Парни все куда-то после уроков сдулись, так что нам самим приходилось таскать из подвала лопаты, вёдра, котлы. На себе. Почему так? Но я не успела подумать над этим поглубже, пострадать как следует. Дизель взял у меня из рук лопату, а у Дарико – ведро с посудой и потащил наверх. Гляди-ка, пришёл!
Оказалось, что не один, с ним вместе Катерина. И Лев уже вокруг неё прыгает, рассказывает про факультатив, раскопки, завтрашний слёт.
– А вы, – говорит, – поедете? Приглашаю! Ребята, вы же не против?
– Нет, – отвечает за всех Дизель, – не против. Погнали!
– Я бы с радостью, – говорит Катерина, – но уроки. Завтра пятница.
– Я в список тебя внесу, –
– Да, конечно. Благодарю!
– Дизель, э-э-э, Федь! Расскажешь Кате, что взять с собой?
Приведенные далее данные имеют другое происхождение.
(* Consider a word $uaav$ with $a \in A$ and $|ua| = i$. Then $x_i \neq x_{i+1}$ and $y_i \neq y_{i+1}$.
   Context: $A$ is a finite alphabet. An $\mathsf{X}$-ranker is a nonempty word over $\{\mathsf{X}_a : a\in A\}$ ("go to the next $a$-position", starting with the first $a$-position) and a $\mathsf{Y}$-ranker a nonempty word over $\{\mathsf{Y}_a : a\in A\}$ ("go to the previous $a$-position", starting with the last $a$-position). The attribute of position $i$ is $(x_i,y_i)$, where $x_i$ (resp. $y_i$) is the length of a shortest $\mathsf{X}$-ranker (resp. $\mathsf{Y}$-ranker) reaching $i$. *)

theory Defs
  imports Main
begin

text \<open>Words are lists; positions are 1-indexed: position p (1 \<le> p \<le> length w)
carries the letter w ! (p - 1). A ranker is represented by the list of its letters
(X_b or Y_b is represented by b).\<close>

fun xrun :: "'a list \<Rightarrow> 'a list \<Rightarrow> nat \<Rightarrow> nat option" where
  "xrun w [] p = Some p"
| "xrun w (b # r) p =
     (if \<exists>q. p < q \<and> q \<le> length w \<and> w ! (q - 1) = b
      then xrun w r (LEAST q. p < q \<and> q \<le> length w \<and> w ! (q - 1) = b)
      else None)"

fun yrun :: "'a list \<Rightarrow> 'a list \<Rightarrow> nat \<Rightarrow> nat option" where
  "yrun w [] p = Some p"
| "yrun w (b # r) p =
     (if \<exists>q. 1 \<le> q \<and> q < p \<and> w ! (q - 1) = b
      then yrun w r (GREATEST q. 1 \<le> q \<and> q < p \<and> w ! (q - 1) = b)
      else None)"

definition x_reaches :: "'a list \<Rightarrow> 'a list \<Rightarrow> nat \<Rightarrow> bool" where
  "x_reaches w r i \<longleftrightarrow> r \<noteq> [] \<and> xrun w r 0 = Some i"

definition y_reaches :: "'a list \<Rightarrow> 'a list \<Rightarrow> nat \<Rightarrow> bool" where
  "y_reaches w r i \<longleftrightarrow> r \<noteq> [] \<and> yrun w r (length w + 1) = Some i"

definition xattr :: "'a list \<Rightarrow> nat \<Rightarrow> nat" where
  "xattr w i = (LEAST n. \<exists>r. length r = n \<and> x_reaches w r i)"

definition yattr :: "'a list \<Rightarrow> nat \<Rightarrow> nat" where
  "yattr w i = (LEAST n. \<exists>r. length r = n \<and> y_reaches w r i)"

end

theory Submission
  imports Defs
begin

text \<open>Let positions p and p + 1 carry the same letter a. A shortest X-ranker reaching p + 1
must end with X_a, and since p is an a-position, the position before that last step can only
be p itself; dropping the last letter therefore yields a shorter X-ranker reaching p, so
x(p) < x(p + 1). Dually, a shortest Y-ranker reaching p must step there from p + 1, so
y(p + 1) < y(p).\<close>

lemma xrun_append:
  "xrun w (r @ s) p = (case xrun w r p of None \<Rightarrow> None | Some q \<Rightarrow> xrun w s q)"
  by (induction r arbitrary: p) auto

lemma yrun_append:
  "yrun w (r @ s) p = (case yrun w r p of None \<Rightarrow> None | Some q \<Rightarrow> yrun w s q)"
  by (induction r arbitrary: p) auto

lemma xrun_snocE:
  assumes "xrun w (r @ [b]) p = Some q"
  obtains p' where "xrun w r p = Some p'" and "xrun w [b] p' = Some q"
  using assms by (cases "xrun w r p") (auto simp: xrun_append)

lemma yrun_snocE:
  assumes "yrun w (r @ [b]) p = Some q"
  obtains p' where "yrun w r p = Some p'" and "yrun w [b] p' = Some q"
  using assms by (cases "yrun w r p") (auto simp: yrun_append)

lemma xrun_singletonD:
  assumes "xrun w [b] p = Some q"
  shows "p < q" and "w ! (q - 1) = b" and "\<And>q'. p < q' \<Longrightarrow> q' < q \<Longrightarrow> w ! (q' - 1) \<noteq> b"
proof -
  let ?P = "\<lambda>q. p < q \<and> q \<le> length w \<and> w ! (q - 1) = b"
  have ex: "\<exists>q. ?P q" and q: "q = (LEAST q. ?P q)"
    using assms by (auto split: if_splits)
  show "p < q" and "w ! (q - 1) = b"
    using LeastI_ex[OF ex] q by simp_all
  show "w ! (q' - 1) \<noteq> b" if "p < q'" "q' < q" for q'
    using not_less_Least[of q' ?P] q that \<open>p < q\<close> LeastI_ex[OF ex] by auto
qed

lemma yrun_singletonD:
  assumes "yrun w [b] p = Some q"
  shows "q < p" and "w ! (q - 1) = b" and "\<And>q'. q < q' \<Longrightarrow> q' < p \<Longrightarrow> w ! (q' - 1) \<noteq> b"
proof -
  let ?P = "\<lambda>q. 1 \<le> q \<and> q < p \<and> w ! (q - 1) = b"
  have ex: "\<exists>q. ?P q" and q: "q = (GREATEST q. ?P q)"
    using assms by (auto split: if_splits)
  have bounded: "\<forall>y. ?P y \<longrightarrow> y \<le> p" by auto
  have "?P q" using GreatestI_ex_nat[of ?P p] ex bounded q by auto
  then show "q < p" and "w ! (q - 1) = b" by simp_all
  show "w ! (q' - 1) \<noteq> b" if "q < q'" "q' < p" for q'
  proof
    assume "w ! (q' - 1) = b"
    then have "q' \<le> q" using Greatest_le_nat[of ?P q' p] bounded q that by auto
    then show False using that by simp
  qed
qed

lemma xrun_take: "p \<le> length w \<Longrightarrow> xrun w (take p w) 0 = Some p"
proof (induction p)
  case 0
  then show ?case by simp
next
  case (Suc p)
  have "(LEAST q. p < q \<and> q \<le> length w \<and> w ! (q - 1) = w ! p) = Suc p"
    by (rule Least_equality) (use Suc.prems in auto)
  then have "xrun w [w ! p] p = Some (Suc p)"
    using Suc.prems by (auto intro: exI[of _ "Suc p"])
  then show ?case
    using Suc by (simp add: take_Suc_conv_app_nth xrun_append)
qed

lemma yrun_rev_drop: "k \<le> length w \<Longrightarrow> yrun w (rev (drop k w)) (length w + 1) = Some (k + 1)"
proof (induction "length w - k" arbitrary: k)
  case 0
  then show ?case by simp
next
  case (Suc n)
  then have k: "k < length w" by simp
  have IH: "yrun w (rev (drop (k + 1) w)) (length w + 1) = Some (k + 2)"
    using Suc.hyps(1)[of "k + 1"] Suc.hyps(2) k by simp
  have "(GREATEST q. 1 \<le> q \<and> q < k + 2 \<and> w ! (q - 1) = w ! k) = k + 1"
    by (rule Greatest_equality) auto
  then have "yrun w [w ! k] (k + 2) = Some (k + 1)"
    by (auto intro: exI[of _ "k + 1"])
  then show ?case
    using IH k by (simp add: Cons_nth_drop_Suc[symmetric] yrun_append)
qed

lemma x_reaches_exists: "1 \<le> p \<Longrightarrow> p \<le> length w \<Longrightarrow> \<exists>r. x_reaches w r p"
  using xrun_take[of p w] by (auto simp: x_reaches_def intro!: exI[of _ "take p w"])

lemma y_reaches_exists: "1 \<le> p \<Longrightarrow> p \<le> length w \<Longrightarrow> \<exists>r. y_reaches w r p"
  using yrun_rev_drop[of "p - 1" w]
  by (auto simp: y_reaches_def intro!: exI[of _ "rev (drop (p - 1) w)"])

lemma xattr_le: "x_reaches w r p \<Longrightarrow> xattr w p \<le> length r"
  unfolding xattr_def by (auto intro: Least_le)

lemma yattr_le: "y_reaches w r p \<Longrightarrow> yattr w p \<le> length r"
  unfolding yattr_def by (auto intro: Least_le)

lemma xattr_obtain:
  assumes "1 \<le> p" "p \<le> length w"
  obtains r where "x_reaches w r p" and "length r = xattr w p"
  using LeastI_ex[of "\<lambda>n. \<exists>r. length r = n \<and> x_reaches w r p"] x_reaches_exists[OF assms]
  unfolding xattr_def by blast

lemma yattr_obtain:
  assumes "1 \<le> p" "p \<le> length w"
  obtains r where "y_reaches w r p" and "length r = yattr w p"
  using LeastI_ex[of "\<lambda>n. \<exists>r. length r = n \<and> y_reaches w r p"] y_reaches_exists[OF assms]
  unfolding yattr_def by blast

lemma x_reaches_butlast_if_repeated_letter:
  assumes reach: "x_reaches w (r @ [b]) (p + 1)" and "0 < p" and same: "w ! (p - 1) = w ! p"
  shows "x_reaches w r p"
proof -
  obtain q where q: "xrun w r 0 = Some q" and step: "xrun w [b] q = Some (p + 1)"
    using reach by (auto simp: x_reaches_def elim: xrun_snocE)
  have "b = w ! p" using xrun_singletonD(2)[OF step] by simp
  have "q = p"
  proof (rule ccontr)
    assume "q \<noteq> p"
    then have "q < p" using xrun_singletonD(1)[OF step] by simp
    then show False
      using xrun_singletonD(3)[OF step, of p] same \<open>b = w ! p\<close> by simp
  qed
  moreover have "r \<noteq> []" using q \<open>q = p\<close> \<open>0 < p\<close> by auto
  ultimately show ?thesis using q by (simp add: x_reaches_def)
qed

lemma y_reaches_butlast_if_repeated_letter:
  assumes reach: "y_reaches w (r @ [b]) p" and "p + 1 \<le> length w"
    and same: "w ! (p - 1) = w ! p"
  shows "y_reaches w r (p + 1)"
proof -
  obtain q where q: "yrun w r (length w + 1) = Some q" and step: "yrun w [b] q = Some p"
    using reach by (auto simp: y_reaches_def elim: yrun_snocE)
  have "b = w ! (p - 1)" using yrun_singletonD(2)[OF step] by simp
  have "q = p + 1"
  proof (rule ccontr)
    assume "q \<noteq> p + 1"
    then have "p + 1 < q" using yrun_singletonD(1)[OF step] by simp
    then show False
      using yrun_singletonD(3)[OF step, of "p + 1"] same \<open>b = w ! (p - 1)\<close> by simp
  qed
  moreover have "r \<noteq> []" using q \<open>q = p + 1\<close> \<open>p + 1 \<le> length w\<close> by auto
  ultimately show ?thesis using q by (simp add: y_reaches_def)
qed

lemma xattr_less_if_repeated_letter:
  assumes "0 < p" "p + 1 \<le> length w" "w ! (p - 1) = w ! p"
  shows "xattr w p < xattr w (p + 1)"
proof -
  obtain r where reach: "x_reaches w r (p + 1)" and len: "length r = xattr w (p + 1)"
    using xattr_obtain[of "p + 1" w] assms by auto
  obtain r' b where "r = r' @ [b]"
    using reach by (cases r rule: rev_exhaust) (auto simp: x_reaches_def)
  then have "x_reaches w r' p"
    using x_reaches_butlast_if_repeated_letter[of w r' b p] reach assms by simp
  then have "xattr w p \<le> length r'" by (rule xattr_le)
  then show ?thesis using len \<open>r = r' @ [b]\<close> by simp
qed

lemma yattr_less_if_repeated_letter:
  assumes "0 < p" "p + 1 \<le> length w" "w ! (p - 1) = w ! p"
  shows "yattr w (p + 1) < yattr w p"
proof -
  obtain r where reach: "y_reaches w r p" and len: "length r = yattr w p"
    using yattr_obtain[of p w] assms by auto
  obtain r' b where "r = r' @ [b]"
    using reach by (cases r rule: rev_exhaust) (auto simp: y_reaches_def)
  then have "y_reaches w r' (p + 1)"
    using y_reaches_butlast_if_repeated_letter[of w r' b p] reach assms by simp
  then have "yattr w (p + 1) \<le> length r'" by (rule yattr_le)
  then show ?thesis using len \<open>r = r' @ [b]\<close> by simp
qed

theorem lemma19:
  fixes u v :: "'a::finite list" and a :: 'a and i :: nat
  assumes "length (u @ [a]) = i"
  shows "xattr (u @ [a, a] @ v) i \<noteq> xattr (u @ [a, a] @ v) (i + 1)
       \<and> yattr (u @ [a, a] @ v) i \<noteq> yattr (u @ [a, a] @ v) (i + 1)"
proof -
  let ?w = "u @ [a, a] @ v"
  have i: "i = length u + 1" using assms by simp
  have repeated: "0 < i" "i + 1 \<le> length ?w" "?w ! (i - 1) = ?w ! i"
    using i by (simp_all add: nth_append)
  have "xattr ?w i < xattr ?w (i + 1)"
    using repeated by (rule xattr_less_if_repeated_letter)
  moreover have "yattr ?w (i + 1) < yattr ?w i"
    using repeated by (rule yattr_less_if_repeated_letter)
  ultimately show ?thesis by simp
qed

end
– Ну, – отвечает Дизель. А новенькая говорит:
– Только Катерине.
– Чего? – не понял Лев.
– Катерине, не Кате.
– A-а. Да-да. Федя, расскажи Катерине всё. Проинструктируй. Особенно про почки. Что надо беречь! – он постучал указательным пальцем по виску и ушёл в подвал.
Это какой-то бзику нашего Льва, идея фикс. Он каждый раз нам напоминает про наши почки. Если увидит кого на земле без сидушки, кричит:
– Встань! Скорее! Почки свои нежные застудишь! Вставай!
Всё хорошо в нашем учителе, и маленький рост, и большая лысина, только не эти крики о нежных почках. Приходится вставать. Когда кто-то легко оделся, тоже кричит. И когда обувь промокнет. И лужи когда видит, твердит, чтобы обходили. Боги мои, за что это? Его послушать, так почки можно застудить даже стоя в тёплой воде дома под душем. Дома, не в палатке.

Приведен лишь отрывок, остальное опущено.